───── DATA RECORDS ─────
(* Let $n\in\mathbb{R}$. The Legendre operator $\mathscr{L}^n_n=\frac{1}{\sin\theta}\left[\frac{d}{d\theta}\left(\sin\theta\frac{d}{d\theta}\right)+n(n+1)\sin\theta-\frac{n^2}{\sin\theta}\right]$ on $(0,\pi)$ is limit-circle (at both endpoints $0$ and $\pi$) if and only if $n\in(-1,1)$.
   Context: $L^2_{\sin\theta}(a',b')$ denotes complex-valued functions square integrable on $(a',b')$ with respect to $\sin\theta\,d\theta$. A Sturm–Liouville operator $T$ on $(0,\pi)$ with weight $w=\sin\theta$ is limit-circle (LC) at $0$ if, for a given $\chi\in\mathbb{C}$, every solution of $Ty=\chi y$ lies in $L^2_{\sin\theta}(0,c)$ for some $c\in(0,\pi)$, and limit-point otherwise; similarly LC at $\pi$ if every solution lies in $L^2_{\sin\theta}(c,\pi)$; $T$ is LC if it is LC at both endpoints. (This property is independent of $\chi$.) *)

theory Defs
  imports "HOL-Analysis.Analysis"
begin

definition L2_sin :: "(real \<Rightarrow> complex) \<Rightarrow> real \<Rightarrow> real \<Rightarrow> bool" where
  "L2_sin y a b \<longleftrightarrow> (\<lambda>t. (cmod (y t))\<^sup>2 * sin t) integrable_on {a<..<b}"

definition legendre_sol :: "real \<Rightarrow> complex \<Rightarrow> (real \<Rightarrow> complex) \<Rightarrow> bool" where
  "legendre_sol n chi y \<longleftrightarrow>
     (\<exists>y'. \<forall>t\<in>{0<..<pi}.
        (y has_vector_derivative y' t) (at t) \<and>
        ((\<lambda>s. complex_of_real (sin s) * y' s) has_vector_derivative
           ((chi * complex_of_real (sin t)
             - complex_of_real (n * (n + 1) * sin t - n\<^sup>2 / sin t)) * y t)) (at t))"

definition LC_at_0 :: "real \<Rightarrow> complex \<Rightarrow> bool" where
  "LC_at_0 n chi \<longleftrightarrow>
     (\<forall>y. legendre_sol n chi y \<longrightarrow> (\<exists>c\<in>{0<..<pi}. L2_sin y 0 c))"

definition LC_at_pi :: "real \<Rightarrow> complex \<Rightarrow> bool" where
  "LC_at_pi n chi \<longleftrightarrow>
     (\<forall>y. legendre_sol n chi y \<longrightarrow> (\<exists>c\<in>{0<..<pi}. L2_sin y c pi))"

definition LC :: "real \<Rightarrow> complex \<Rightarrow> bool" where
  "LC n chi \<longleftrightarrow> LC_at_0 n chi \<and> LC_at_pi n chi"

end

(*
  Write m = |n|, lam = chi - n (n + 1) and z = sin t * y' for the quasi-derivative. In the variable
  s = ln tan (t/2) the equation becomes y_ss = (m^2 + lam sin^2 t) y, a perturbation of y_ss = m^2 y
  that decays like exp (2 s) at the endpoint 0; so solutions behave like tan (t/2) ^ (+-m), and
  tan (t/2) ^ (-m) is square integrable against sin t near 0 exactly when m < 1.
  For m < 1 an energy estimate bounds every solution by C tan (t/2) ^ (-mu) with some mu < 1.
  For m >= 1, variation of constants around tan (t/2) ^ (+-m) and a continuity argument show that
  a solution which equals the large one at a point close to 0 stays above tan (t/2) ^ (-m) / 2,
  so it is not square integrable; such a solution is a combination of two power series solutions
  of the associated Gegenbauer equation with nonzero Wronskian.
  The endpoint pi reduces to 0 by the reflection t -> pi - t.
*)
theory Submission
  imports Defs "HOL-Real_Asymp.Real_Asymp"
begin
─────
[WORK INSTRUCTIONS]:
Line count for the word "exists": give the number of lines in the entries above that contain it, and nothing more.

[RESULT OF THE EXERCISE]:
3